Moreover, hear what your patron Augustine still says. Hear what he says on that verse of the Psalmist: “‘Sacrifice and offering you did not desire, but a body you have prepared for me’ (Ps. 39): ‘One sacrifice,’ he says, ‘was prepared in place of the many legal sacrifices.’ Which one? Namely, the body of Christ, which you know, which not all of you know: and would that those of you who know it, may not know it to your judgment!” He proposes three things: that some know the body of Christ, some do not know it; and he wishes that those who know it may not know it to their judgment. “For he who eats and drinks unworthily, eats and drinks judgment on himself.” And a little later, the same author in the same place: “What we receive, we know, and may you who do not know it come to know it, and when you have learned it, may you not receive it to your judgment. ‘For he who eats and drinks unworthily, eats and drinks judgment on himself.'” Do not think that he said this about the sanctified bread of the altar, but about the true body of Christ. For if it were only bread, who would not know bread? Why is it called bread, and not all are said to know it? But without doubt he understood the body of Christ to be in the appearance of bread, and therefore he said that those who take it unworthily take it to their judgment.

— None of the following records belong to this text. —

(* Let $p$ be an odd prime, $R=F_p+vF_p$ with $v^2=v$, and let $\vartheta=1-2v$ or $\vartheta=-1+2v$. A linear code $C$ of length $n$ over $R$ is a $\vartheta$-constacyclic code if and only if $\phi_\vartheta(C)$ is a cyclic code of length $2n$ over $F_p$.
   Context: A linear code of length $n$ over $R$ is an $R$-submodule of $R^n$; it is $\vartheta$-constacyclic if $(c_0,\dots,c_{n-1})\in C$ implies $(\vartheta c_{n-1},c_0,\dots,c_{n-2})\in C$. A cyclic code over $F_p$ is a linear code closed under the cyclic shift. Write $\vartheta=\lambda+v\mu$ with $\lambda,\mu\in F_p$. The Gray map $\phi_\vartheta:R^n\to F_p^{2n}$ is defined for $c=(c_0,\dots,c_{n-1})$ with $c_i=r_i+vq_i$ ($r_i,q_i\in F_p$) by $\phi_\vartheta(c)=(\lambda(\lambda+\mu)q_0,\dots,\lambda(\lambda+\mu)q_{n-1},\,-\mu r_0-(\lambda+\mu)q_0,\dots,-\mu r_{n-1}-(\lambda+\mu)q_{n-1})$. *)

theory Defs
  imports "HOL-Computational_Algebra.Primes"
begin

text \<open>Elements of F_p are represented by integers in {0..<p}.
  Elements r + v q of R = F_p + v F_p (v^2 = v) are represented by pairs (r, q).
  Words of length n are lists of length n.\<close>

definition Fp_elems :: "int \<Rightarrow> int set" where
  "Fp_elems p = {x. 0 \<le> x \<and> x < p}"

definition R_elems :: "int \<Rightarrow> (int \<times> int) set" where
  "R_elems p = Fp_elems p \<times> Fp_elems p"

definition R_add :: "int \<Rightarrow> int \<times> int \<Rightarrow> int \<times> int \<Rightarrow> int \<times> int" where
  "R_add p x y = ((fst x + fst y) mod p, (snd x + snd y) mod p)"

text \<open>(a + v b)(c + v d) = ac + v(ad + bc + bd), using v^2 = v.\<close>
definition R_mult :: "int \<Rightarrow> int \<times> int \<Rightarrow> int \<times> int \<Rightarrow> int \<times> int" where
  "R_mult p x y = ((fst x * fst y) mod p,
                   (fst x * snd y + snd x * fst y + snd x * snd y) mod p)"

definition Fp_vecs :: "int \<Rightarrow> nat \<Rightarrow> int list set" where
  "Fp_vecs p n = {xs. length xs = n \<and> set xs \<subseteq> Fp_elems p}"

definition R_vecs :: "int \<Rightarrow> nat \<Rightarrow> (int \<times> int) list set" where
  "R_vecs p n = {xs. length xs = n \<and> set xs \<subseteq> R_elems p}"

definition linear_code_Fp :: "int \<Rightarrow> nat \<Rightarrow> int list set \<Rightarrow> bool" where
  "linear_code_Fp p n C \<longleftrightarrow>
     C \<subseteq> Fp_vecs p n \<and> replicate n 0 \<in> C \<and>
     (\<forall>x\<in>C. \<forall>y\<in>C. map2 (\<lambda>a b. (a + b) mod p) x y \<in> C) \<and>
     (\<forall>a\<in>Fp_elems p. \<forall>x\<in>C. map (\<lambda>b. (a * b) mod p) x \<in> C)"

definition linear_code_R :: "int \<Rightarrow> nat \<Rightarrow> (int \<times> int) list set \<Rightarrow> bool" where
  "linear_code_R p n C \<longleftrightarrow>
     C \<subseteq> R_vecs p n \<and> replicate n (0, 0) \<in> C \<and>
     (\<forall>x\<in>C. \<forall>y\<in>C. map2 (R_add p) x y \<in> C) \<and>
     (\<forall>a\<in>R_elems p. \<forall>x\<in>C. map (R_mult p a) x \<in> C)"

definition cyclic_code_Fp :: "int \<Rightarrow> nat \<Rightarrow> int list set \<Rightarrow> bool" where
  "cyclic_code_Fp p n C \<longleftrightarrow> linear_code_Fp p n C \<and>
     (\<forall>c\<in>C. c \<noteq> [] \<longrightarrow> last c # butlast c \<in> C)"

definition constacyclic_R :: "int \<Rightarrow> int \<times> int \<Rightarrow> (int \<times> int) list set \<Rightarrow> bool" where
  "constacyclic_R p \<theta> C \<longleftrightarrow>
     (\<forall>c\<in>C. c \<noteq> [] \<longrightarrow> R_mult p \<theta> (last c) # butlast c \<in> C)"

definition gray :: "int \<Rightarrow> int \<times> int \<Rightarrow> (int \<times> int) list \<Rightarrow> int list" where
  "gray p \<theta> c =
     (let l = fst \<theta>; m = snd \<theta> in
      map (\<lambda>(r, q). (l * (l + m) * q) mod p) c @
      map (\<lambda>(r, q). (- m * r - (l + m) * q) mod p) c)"

end

theory Submission
  imports Defs
begin

text \<open>Write \<open>\<theta> = l(1 - 2v)\<close> with \<open>l = \<plusminus>1\<close>. The Gray map applies two \<open>F\<^sub>p\<close>-linear
  functionals \<open>f\<^sub>1, f\<^sub>2 : R \<rightarrow> F\<^sub>p\<close> coordinatewise, the \<open>f\<^sub>1\<close>-values filling the first half of
  the image and the \<open>f\<^sub>2\<close>-values the second. Multiplication by \<open>\<theta>\<close> swaps them:
  \<open>f\<^sub>1(\<theta>x) = f\<^sub>2(x)\<close> and \<open>f\<^sub>2(\<theta>x) = f\<^sub>1(x)\<close>. Hence the image of the \<open>\<theta>\<close>-constacyclic shift
  of a word is the cyclic shift of its image. Since \<open>p\<close> is odd, \<open>(f\<^sub>1, f\<^sub>2)\<close> is injective on
  \<open>R\<close>, so the Gray map is an injective \<open>F\<^sub>p\<close>-linear map, and a shifted word lies in \<open>C\<close>
  exactly when its image lies in the image of \<open>C\<close>.\<close>

definition lin_form :: "int \<Rightarrow> int \<times> int \<Rightarrow> int \<times> int \<Rightarrow> int" where
  "lin_form p w x = (fst w * fst x + snd w * snd x) mod p"

lemma lin_form_mod_args: "lin_form p w (a mod p, b mod p) = lin_form p w (a, b)"
  unfolding lin_form_def by (intro mod_add_cong mod_mult_cong refl) simp_all

lemma lin_form_cong:
  assumes "fst w mod p = fst w' mod p" "snd w mod p = snd w' mod p"
  shows "lin_form p w = lin_form p w'"
  unfolding lin_form_def fun_eq_iff using assms by (intro allI mod_add_cong mod_mult_cong refl)

lemma lin_form_R_add: "lin_form p w (R_add p x y) = (lin_form p w x + lin_form p w y) mod p"
proof -
  have "lin_form p w (R_add p x y) = (fst w * (fst x + fst y) + snd w * (snd x + snd y)) mod p"
    by (simp add: R_add_def lin_form_mod_args) (simp add: lin_form_def)
  then show ?thesis
    by (simp add: lin_form_def mod_add_eq algebra_simps)
qed

lemma lin_form_R_mult:
  "lin_form p w (R_mult p \<theta> x)
    = lin_form p (fst w * fst \<theta> + snd w * snd \<theta>, snd w * (fst \<theta> + snd \<theta>)) x"
proof -
  have "lin_form p w (R_mult p \<theta> x)
      = lin_form p w (fst \<theta> * fst x, fst \<theta> * snd x + snd \<theta> * fst x + snd \<theta> * snd x)"
    by (simp add: R_mult_def lin_form_mod_args)
  then show ?thesis
    by (simp add: lin_form_def algebra_simps)
qed

lemma lin_form_R_mult_scalar: "lin_form p w (R_mult p (a, 0) x) = (a * lin_form p w x) mod p"
  unfolding lin_form_R_mult by (simp add: lin_form_def mod_mult_right_eq algebra_simps)

definition gray_left :: "int \<Rightarrow> int \<times> int \<Rightarrow> int \<times> int \<Rightarrow> int" where
  "gray_left p \<theta> = lin_form p (0, fst \<theta> * (fst \<theta> + snd \<theta>))"

definition gray_right :: "int \<Rightarrow> int \<times> int \<Rightarrow> int \<times> int \<Rightarrow> int" where
  "gray_right p \<theta> = lin_form p (- snd \<theta>, - (fst \<theta> + snd \<theta>))"

lemma gray_eq_map_append: "gray p \<theta> c = map (gray_left p \<theta>) c @ map (gray_right p \<theta>) c"
  by (simp add: gray_def gray_left_def gray_right_def lin_form_def case_prod_beta Let_def algebra_simps)

lemma gray_map2_R_add:
  assumes "length x = length y"
  shows "gray p \<theta> (map2 (R_add p) x y)
    = map2 (\<lambda>a b. (a + b) mod p) (gray p \<theta> x) (gray p \<theta> y)"
  using assms
  by (simp add: gray_eq_map_append gray_left_def gray_right_def lin_form_R_add zip_map_map
      case_prod_beta)

lemma gray_map_R_mult_scalar:
  "gray p \<theta> (map (R_mult p (a, 0)) x) = map (\<lambda>b. (a * b) mod p) (gray p \<theta> x)"
  by (simp add: gray_eq_map_append gray_left_def gray_right_def lin_form_R_mult_scalar)

lemma gray_replicate_zero: "gray p \<theta> (replicate n (0, 0)) = replicate (2 * n) 0"
  by (simp add: gray_eq_map_append gray_left_def gray_right_def lin_form_def mult_2 replicate_add)

lemma gray_in_Fp_vecs: "p > 0 \<Longrightarrow> gray p \<theta> c \<in> Fp_vecs p (2 * length c)"
  by (auto simp: gray_eq_map_append gray_left_def gray_right_def lin_form_def Fp_vecs_def Fp_elems_def)

lemma linear_code_Fp_gray_image:
  assumes "p > 0" "linear_code_R p n C"
  shows "linear_code_Fp p (2 * n) (gray p \<theta> ` C)"
  unfolding linear_code_Fp_def
proof (intro conjI ballI)
  have len: "length c = n" if "c \<in> C" for c
    using assms(2) that by (auto simp: linear_code_R_def R_vecs_def)
  show "gray p \<theta> ` C \<subseteq> Fp_vecs p (2 * n)"
    using gray_in_Fp_vecs[OF assms(1)] len by fastforce
  show "replicate (2 * n) 0 \<in> gray p \<theta> ` C"
    using assms(2) gray_replicate_zero by (metis image_eqI linear_code_R_def)
  show "map2 (\<lambda>a b. (a + b) mod p) x y \<in> gray p \<theta> ` C"
    if x: "x \<in> gray p \<theta> ` C" and y: "y \<in> gray p \<theta> ` C" for x y
  proof -
    obtain c d where cd: "c \<in> C" "d \<in> C" "x = gray p \<theta> c" "y = gray p \<theta> d"
      using x y by blast
    have "map2 (R_add p) c d \<in> C"
      using assms(2) cd(1,2) by (simp add: linear_code_R_def)
    moreover have "gray p \<theta> (map2 (R_add p) c d) = map2 (\<lambda>a b. (a + b) mod p) x y"
      using cd len by (simp add: gray_map2_R_add)
    ultimately show ?thesis
      by (metis image_eqI)
  qed
  show "map (\<lambda>b. (a * b) mod p) x \<in> gray p \<theta> ` C"
    if a: "a \<in> Fp_elems p" and x: "x \<in> gray p \<theta> ` C" for a x
  proof -
    obtain c where c: "c \<in> C" "x = gray p \<theta> c"
      using x by blast
    have "(a, 0) \<in> R_elems p"
      using a assms(1) by (simp add: R_elems_def Fp_elems_def)
    then have "map (R_mult p (a, 0)) c \<in> C"
      using assms(2) c(1) by (simp add: linear_code_R_def)
    then show ?thesis
      using c(2) gray_map_R_mult_scalar by (metis image_eqI)
  qed
qed

lemma gray_theta_mod:
  assumes "fst \<theta> mod p = fst \<theta>' mod p" "snd \<theta> mod p = snd \<theta>' mod p"
  shows "gray p \<theta> = gray p \<theta>'"
proof -
  have sum: "(fst \<theta> + snd \<theta>) mod p = (fst \<theta>' + snd \<theta>') mod p"
    using assms by (rule mod_add_cong)
  have "gray_left p \<theta> = gray_left p \<theta>'"
    unfolding gray_left_def by (rule lin_form_cong) (simp_all add: mod_mult_cong[OF assms(1) sum])
  moreover have "gray_right p \<theta> = gray_right p \<theta>'"
    unfolding gray_right_def
    by (rule lin_form_cong)
      (simp_all only: fst_conv snd_conv mod_minus_cong[OF assms(2)] mod_minus_cong[OF sum])
  ultimately show ?thesis
    by (intro ext) (simp only: gray_eq_map_append)
qed

lemma R_mult_theta_mod:
  assumes "fst \<theta> mod p = fst \<theta>' mod p" "snd \<theta> mod p = snd \<theta>' mod p"
  shows "R_mult p \<theta> = R_mult p \<theta>'"
proof -
  have fst_cong: "(fst \<theta> * u) mod p = (fst \<theta>' * u) mod p" for u
    by (rule mod_mult_cong[OF assms(1) refl])
  have snd_cong: "(snd \<theta> * u) mod p = (snd \<theta>' * u) mod p" for u
    by (rule mod_mult_cong[OF assms(2) refl])
  show ?thesis
    unfolding R_mult_def fun_eq_iff
    by (simp only: fst_cong mod_add_cong[OF mod_add_cong[OF fst_cong snd_cong] snd_cong] simp_thms)
qed

lemma constacyclic_R_theta_mod:
  assumes "fst \<theta> mod p = fst \<theta>' mod p" "snd \<theta> mod p = snd \<theta>' mod p"
  shows "constacyclic_R p \<theta> C \<longleftrightarrow> constacyclic_R p \<theta>' C"
  unfolding constacyclic_R_def R_mult_theta_mod[OF assms] ..

definition unit_theta :: "int \<Rightarrow> int \<times> int" where
  "unit_theta l = (l, -2 * l)"

lemma gray_left_unit: "l\<^sup>2 = 1 \<Longrightarrow> gray_left p (unit_theta l) = lin_form p (0, -1)"
  by (simp add: gray_left_def unit_theta_def power2_eq_square algebra_simps)

lemma gray_right_unit: "gray_right p (unit_theta l) = lin_form p (2 * l, l)"
  by (simp add: gray_right_def unit_theta_def)

lemma gray_left_R_mult:
  assumes "l\<^sup>2 = 1"
  shows "gray_left p (unit_theta l) (R_mult p (unit_theta l) x) = gray_right p (unit_theta l) x"
  unfolding gray_left_unit[OF assms] gray_right_unit lin_form_R_mult by (simp add: unit_theta_def)

lemma gray_right_R_mult:
  assumes "l\<^sup>2 = 1"
  shows "gray_right p (unit_theta l) (R_mult p (unit_theta l) x) = gray_left p (unit_theta l) x"
  unfolding gray_left_unit[OF assms] gray_right_unit lin_form_R_mult
  using assms by (simp add: unit_theta_def power2_eq_square algebra_simps)

lemma gray_constashift:
  assumes "l\<^sup>2 = 1" "c \<noteq> []"
  shows "gray p (unit_theta l) (R_mult p (unit_theta l) (last c) # butlast c)
    = last (gray p (unit_theta l) c) # butlast (gray p (unit_theta l) c)"
proof -
  have "c = butlast c @ [last c]"
    using assms(2) by simp
  then have "map (gray_left p (unit_theta l)) c
      = map (gray_left p (unit_theta l)) (butlast c) @ [gray_left p (unit_theta l) (last c)]"
    by (metis list.simps(8,9) map_append)
  then show ?thesis
    using assms by (simp add: gray_eq_map_append gray_left_R_mult[OF assms(1)]
        gray_right_R_mult[OF assms(1)] butlast_append last_map map_butlast)
qed

lemma Fp_elems_eq_if_mod_eq:
  "a \<in> Fp_elems p \<Longrightarrow> b \<in> Fp_elems p \<Longrightarrow> a mod p = b mod p \<Longrightarrow> a = b"
  by (simp add: Fp_elems_def)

Return to yourself, brother, return, recall your mind that has wandered far abroad; do not eat the husks of the swine, do not eat the chaff of the grain. Do you not see that in the morning when the sun rises, the mountains are illuminated first, afterward the valleys? Do you not see religious men and doctors of great renown stand in this opinion, persist in this faith, that the sanctified bread of the altar is no longer bread, but the true body of Christ? But if it is true, or rather because it is true that Christ asked the Father to sustain the faith of Peter; and if it is true, or rather because it is true, that the faith of Peter concerning the body and blood of the Lord has flowed down from him all the way to our times inviolate through the successions of apostolic men; because, I say, it is true, cease from your error, or rather horror, and hasten to reform in yourself the faith of Peter, the faith of the Roman See, which has been stripped away by you, and to reunite yourself to mother Church. I could adduce very many examples of the holy Fathers of the Roman See concerning this faith; but because I have gathered and collected them to be made known to you in another letter, I have thought it should be passed over here.